• PROBLEM TO WORK ON:
In the entries below, the lines from the one with "gdet n (ext_cartan" through the one with "C d \<longleftrightarrow>" are to be copied exactly; both ends count.

• ENTRIES SUPPLIED:
(* Let $X$ be an extensible marked Dynkin diagram with $d$ nodes and let $\Delta$ be the common difference of $\{\det(X_n)\}_{n\ge d}$. Then there exists a sequence of integers $(a_i)_{i\ge1}$, depending only on $X$ and its node numbering, such that in $P(X_n)$ $$(-\Delta)\,\omega_i^{(n)}\equiv a_i\,\overline{\omega}_1^{(n)}\pmod{Q(X_n)}$$ for all $i=1,\dots,n$ and for all $n\ge d$ such that $\det(X_n)\ne0$. Moreover, the $a_i$ are the unique integers with this property.
   Context: A marked Dynkin diagram $X$ has nodes $1,\dots,d$ with node $d$ distinguished and symmetrizable generalized Cartan matrix $C(X)$. For $n\ge d$, $X_n$ is obtained by attaching a simply-laced chain of new nodes $d+1,\dots,n$ to node $d$ (so $C(X_n)$ has $C(X)$ as upper-left block, $2$ on the remaining diagonal, $-1$ in positions $(i,i+1),(i+1,i)$ for $d\le i<n$, $0$ elsewhere). $\det(Y)$ is the determinant of the generalized Cartan matrix of $Y$. $X$ is extensible if $\Delta\ne0$, $\det(X)\ne0$ and $\gcd(\Delta,\det X)=1$. For $\mathfrak g(X_n)$: simple roots $\alpha_i^{(n)}$, coroots $\check\alpha_i^{(n)}$ with $\alpha_j^{(n)}(\check\alpha_i^{(n)})=C(X_n)_{ij}$, root lattice $Q(X_n)$, weight lattice $P(X_n)$, fundamental weights $\omega_i^{(n)}$ with $\omega_i^{(n)}(\check\alpha_j^{(n)})=\delta_{ij}$, and $\overline{\omega}_i^{(n)}=\omega_{n-i+1}^{(n)}$. *)

theory Defs
  imports Complex_Main "HOL-Combinatorics.Permutations"
begin

text \<open>Square integer matrices with rows/columns indexed by 1..n are represented
  as functions nat => nat => int (entries outside 1..n are irrelevant).\<close>

definition gdet :: "nat \<Rightarrow> (nat \<Rightarrow> nat \<Rightarrow> int) \<Rightarrow> int" where
  "gdet n A = (\<Sum>p | p permutes {1..n}. sign p * (\<Prod>i\<in>{1..n}. A i (p i)))"

definition is_gcm :: "nat \<Rightarrow> (nat \<Rightarrow> nat \<Rightarrow> int) \<Rightarrow> bool" where
  "is_gcm d C \<longleftrightarrow>
     (\<forall>i\<in>{1..d}. C i i = 2) \<and>
     (\<forall>i\<in>{1..d}. \<forall>j\<in>{1..d}. i \<noteq> j \<longrightarrow> C i j \<le> 0) \<and>
     (\<forall>i\<in>{1..d}. \<forall>j\<in>{1..d}. C i j = 0 \<longleftrightarrow> C j i = 0)"

text \<open>Symmetrizable: C = D B with D positive diagonal and B symmetric,
  equivalently e_i C_ij = e_j C_ji for positive e_i (e = D^{-1}).\<close>
definition symmetrizable :: "nat \<Rightarrow> (nat \<Rightarrow> nat \<Rightarrow> int) \<Rightarrow> bool" where
  "symmetrizable d C \<longleftrightarrow>
     (\<exists>e :: nat \<Rightarrow> rat. (\<forall>i\<in>{1..d}. e i > 0) \<and>
        (\<forall>i\<in>{1..d}. \<forall>j\<in>{1..d}. e i * of_int (C i j) = e j * of_int (C j i)))"

definition ext_cartan :: "(nat \<Rightarrow> nat \<Rightarrow> int) \<Rightarrow> nat \<Rightarrow> nat \<Rightarrow> nat \<Rightarrow> nat \<Rightarrow> int" where
  "ext_cartan C d n i j =
     (if i \<in> {1..d} \<and> j \<in> {1..d} then C i j
      else if i \<in> {1..n} \<and> j \<in> {1..n} \<and> i = j then 2
      else if (d \<le> i \<and> i < n \<and> j = i + 1) \<or> (d \<le> j \<and> j < n \<and> i = j + 1) then -1
      else 0)"

definition det_ext :: "(nat \<Rightarrow> nat \<Rightarrow> int) \<Rightarrow> nat \<Rightarrow> nat \<Rightarrow> int" where
  "det_ext C d n = gdet n (ext_cartan C d n)"

text \<open>Common difference Delta of the arithmetic progression det(X_n), n >= d.\<close>
definition Delta :: "(nat \<Rightarrow> nat \<Rightarrow> int) \<Rightarrow> nat \<Rightarrow> int" where
  "Delta C d = det_ext C d (d + 1) - det_ext C d d"

definition extensible :: "(nat \<Rightarrow> nat \<Rightarrow> int) \<Rightarrow> nat \<Rightarrow> bool" where
  "extensible C d \<longleftrightarrow> Delta C d \<noteq> 0 \<and> gdet d C \<noteq> 0 \<and> gcd (Delta C d) (gdet d C) = 1"

text \<open>When det(X_n) is nonzero, the coroots of g(X_n) form a basis of h, so an
  element lambda of h* is determined by the vector (lambda(coroot_j))_{j=1..n}.
  We represent elements of P(X_n) by this integer coordinate vector
  (a function nat => int vanishing outside 1..n).\<close>

definition fund_weight :: "nat \<Rightarrow> nat \<Rightarrow> (nat \<Rightarrow> int)" where
  "fund_weight n i = (\<lambda>j. if j \<in> {1..n} \<and> j = i then 1 else 0)"

text \<open>alpha_j(coroot_i) = C(X_n)_{ij}.\<close>
definition simple_root :: "(nat \<Rightarrow> nat \<Rightarrow> int) \<Rightarrow> nat \<Rightarrow> nat \<Rightarrow> nat \<Rightarrow> (nat \<Rightarrow> int)" where
  "simple_root C d n j = (\<lambda>i. if i \<in> {1..n} then ext_cartan C d n i j else 0)"

definition root_lattice :: "(nat \<Rightarrow> nat \<Rightarrow> int) \<Rightarrow> nat \<Rightarrow> nat \<Rightarrow> (nat \<Rightarrow> int) set" where
  "root_lattice C d n =
     {(\<lambda>i. \<Sum>j\<in>{1..n}. c j * simple_root C d n j i) | c :: nat \<Rightarrow> int. True}"

definition smult_w :: "int \<Rightarrow> (nat \<Rightarrow> int) \<Rightarrow> (nat \<Rightarrow> int)" where
  "smult_w k v = (\<lambda>j. k * v j)"

definition congr_Q :: "(nat \<Rightarrow> nat \<Rightarrow> int) \<Rightarrow> nat \<Rightarrow> nat \<Rightarrow> (nat \<Rightarrow> int) \<Rightarrow> (nat \<Rightarrow> int) \<Rightarrow> bool" where
  "congr_Q C d n lam mu \<longleftrightarrow> (\<lambda>j. lam j - mu j) \<in> root_lattice C d n"

definition fund_weight_bar :: "nat \<Rightarrow> nat \<Rightarrow> (nat \<Rightarrow> int)" where
  "fund_weight_bar n i = fund_weight n (n - i + 1)"

definition weight_seq_prop :: "(nat \<Rightarrow> nat \<Rightarrow> int) \<Rightarrow> nat \<Rightarrow> (nat \<Rightarrow> int) \<Rightarrow> bool" where
  "weight_seq_prop C d a \<longleftrightarrow>
     (\<forall>n\<ge>d. det_ext C d n \<noteq> 0 \<longrightarrow>
        (\<forall>i\<in>{1..n}. congr_Q C d n (smult_w (- Delta C d) (fund_weight n i))
                                    (smult_w (a i) (fund_weight_bar n 1))))"

end

(* A weight lies in the root lattice Q(X_n) iff its coordinate vector is C(X_n) c for an integer
   vector c.  Away from row n, C(X_n) acts like the Cartan matrix of the infinite chain X_oo, so it
   suffices to solve C(X_oo) c = -Delta e_i by an integer c that is constant from max(i, d) on:
   row n then reads -Delta e_i - a_i e_n with a_i = -c(n + 1) independent of n.  For i <= d the
   columns of the adjugate of C(X_(d+1)) with last diagonal entry 1 (determinant Delta) give c;
   for i > d one adds Delta times a piecewise linear ramp.
   Conversely, two admissible values differ by some kappa with kappa omega_n in Q(X_n).  Cramer's
   rule gives det(X_n) | kappa det(X_(n-1)); as det(X_n) = det X + (n - d) Delta, extensibility
   makes det(X_n) and det(X_(n-1)) coprime, so det(X_n) | kappa for all n > d and kappa = 0. *)

theory Submission
  imports Defs "Jordan_Normal_Form.Determinant"
begin

definition mat_of_fun :: "nat \<Rightarrow> (nat \<Rightarrow> nat \<Rightarrow> 'a) \<Rightarrow> 'a mat" where
  "mat_of_fun n A = mat n n (\<lambda>(i, j). A (Suc i) (Suc j))"

lemma mat_of_fun_carrier [simp]: "mat_of_fun n A \<in> carrier_mat n n"
  by (simp add: mat_of_fun_def)

lemma dim_mat_of_fun [simp]: "dim_row (mat_of_fun n A) = n" "dim_col (mat_of_fun n A) = n"
  by (simp_all add: mat_of_fun_def)

lemma index_mat_of_fun [simp]: "i < n \<Longrightarrow> j < n \<Longrightarrow> mat_of_fun n A $$ (i, j) = A (Suc i) (Suc j)"
  by (simp add: mat_of_fun_def)

lemma mat_delete_mat_of_fun_last: "mat_delete (mat_of_fun (Suc m) A) m m = mat_of_fun m A"
  by (rule eq_matI) (auto simp: mat_of_fun_def mat_delete_def)

lemma gdet_cong:
  assumes "\<And>i j. i \<in> {1..n} \<Longrightarrow> j \<in> {1..n} \<Longrightarrow> A i j = B i j"
  shows "gdet n A = gdet n B"
proof -
  have "p i \<in> {1..n}" if "p permutes {1..n}" "i \<in> {1..n}" for p i
    using permutes_in_image[OF that(1)] that(2) by blast
  then show ?thesis
    unfolding gdet_def by (intro sum.cong refl arg_cong2[where f = "(*)"] prod.cong) (auto simp: assms)
qed

lemma gdet_eq_det: "gdet n A = det (mat_of_fun n A)"
proof -
  define shift where "shift = (\<lambda>(p::nat \<Rightarrow> nat) x. if x \<in> {1..n} then Suc (p (x - 1)) else x)"
  have Suc_bij: "bij_betw Suc {0..<n} {1..n}"
    by (simp add: bij_betw_def image_Suc_atLeastLessThan atLeastLessThanSuc_atLeastAtMost)
  have inv_Suc: "inv_into {0..<n} Suc x = x - 1" if "x \<in> {1..n}" for x
    using that by (intro inv_into_f_eq) auto
  have shift_bij: "bij_betw shift {p. p permutes {0..<n}} {p. p permutes {1..n}}"
    using bij_betw_permutations[OF Suc_bij] inv_Suc
    by (simp add: shift_def cong: if_cong)
  have sign_shift: "sign (shift p) = sign p" if "p permutes {0..<n}" for p
  proof -
    have "permutes_bij_finite p {0..<n} {1..n} Suc (\<lambda>x. x - 1)"
      by unfold_locales (use that Suc_bij in auto)
    from permutes_bij_finite.sign_p'[OF this] show ?thesis by (simp add: shift_def)
  qed
  have prod_shift: "(\<Prod>i\<in>{1..n}. A i (shift p i)) = (\<Prod>i<n. mat_of_fun n A $$ (i, p i))"
    if "p permutes {0..<n}" for p
    using that by (auto simp: prod.atLeast1_atMost_eq shift_def mat_of_fun_def permutes_in_image
        intro!: prod.cong)
  have "gdet n A = (\<Sum>p | p permutes {0..<n}. sign (shift p) * (\<Prod>i\<in>{1..n}. A i (shift p i)))"
    unfolding gdet_def by (subst sum.reindex_bij_betw[OF shift_bij, symmetric]) simp
  also have "\<dots> = (\<Sum>p | p permutes {0..<n}. sign p * (\<Prod>i<n. mat_of_fun n A $$ (i, p i)))"
    using sign_shift prod_shift by (intro sum.cong) auto
  also have "\<dots> = det (mat_of_fun n A)"
    by (simp add: det_def'[OF mat_of_fun_carrier] lessThan_atLeast0)
  finally show ?thesis .
qed

lemma gdet_tridiagonal_tail:
  assumes zero: "\<And>j. j \<in> {1..m} \<Longrightarrow> A (Suc (Suc m)) j = 0 \<and> A j (Suc (Suc m)) = 0"
    and sub: "A (Suc (Suc m)) (Suc m) = -1" and super: "A (Suc m) (Suc (Suc m)) = -1"
  shows "gdet (Suc (Suc m)) A = A (Suc (Suc m)) (Suc (Suc m)) * gdet (Suc m) A - gdet m A"
proof -
  define M where "M = mat_of_fun (Suc (Suc m)) A"
  define E where "E = mat_delete M (Suc m) m"
  have E: "E \<in> carrier_mat (Suc m) (Suc m)"
    unfolding E_def M_def using mat_delete_carrier[OF mat_of_fun_carrier, of "Suc (Suc m)" A] by simp
  have E_col: "E $$ (i, m) = A (Suc i) (Suc (Suc m))" if "i < Suc m" for i
    using that by (simp add: E_def M_def mat_delete_def mat_of_fun_def)
  have E_minor: "mat_delete E m m = mat_of_fun m A"
    by (rule eq_matI) (auto simp: E_def M_def mat_delete_def mat_of_fun_def)
  have "det E = (\<Sum>i<Suc m. E $$ (i, m) * cofactor E i m)"
    by (rule laplace_expansion_column[OF E]) simp
  also have "\<dots> = E $$ (m, m) * cofactor E m m"
    using zero E_col by (simp add: lessThan_Suc)
  also have "\<dots> = - gdet m A"
    using E_col super by (simp add: cofactor_def E_minor gdet_eq_det)
  finally have det_E: "det E = - gdet m A" .
  have M_minor: "mat_delete M (Suc m) (Suc m) = mat_of_fun (Suc m) A"
    by (simp add: M_def mat_delete_mat_of_fun_last)
  have M_last_row: "M $$ (Suc m, m) = -1" "M $$ (Suc m, Suc m) = A (Suc (Suc m)) (Suc (Suc m))"
    using sub by (simp_all add: M_def)
  have "gdet (Suc (Suc m)) A = (\<Sum>j<Suc (Suc m). M $$ (Suc m, j) * cofactor M (Suc m) j)"
    unfolding gdet_eq_det M_def by (rule laplace_expansion_row) simp_all
  also have "\<dots> = M $$ (Suc m, m) * cofactor M (Suc m) m + M $$ (Suc m, Suc m) * cofactor M (Suc m) (Suc m)"
    using zero by (simp add: lessThan_Suc M_def)
  also have "\<dots> = A (Suc (Suc m)) (Suc (Suc m)) * gdet (Suc m) A - gdet m A"
    using det_E by (simp add: cofactor_def M_last_row M_minor E_def[symmetric] gdet_eq_det)
  finally show ?thesis .
qed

• RESULT OF THE TASK:
  "det_ext C d n = gdet n (ext_cartan C d n)"

text \<open>Common difference Delta of the arithmetic progression det(X_n), n >= d.\<close>
definition Delta :: "(nat \<Rightarrow> nat \<Rightarrow> int) \<Rightarrow> nat \<Rightarrow> int" where
  "Delta C d = det_ext C d (d + 1) - det_ext C d d"

definition extensible :: "(nat \<Rightarrow> nat \<Rightarrow> int) \<Rightarrow> nat \<Rightarrow> bool" where
  "extensible C d \<longleftrightarrow> Delta C d \<noteq> 0 \<and> gdet d C \<noteq> 0 \<and> gcd (Delta C d) (gdet d C) = 1"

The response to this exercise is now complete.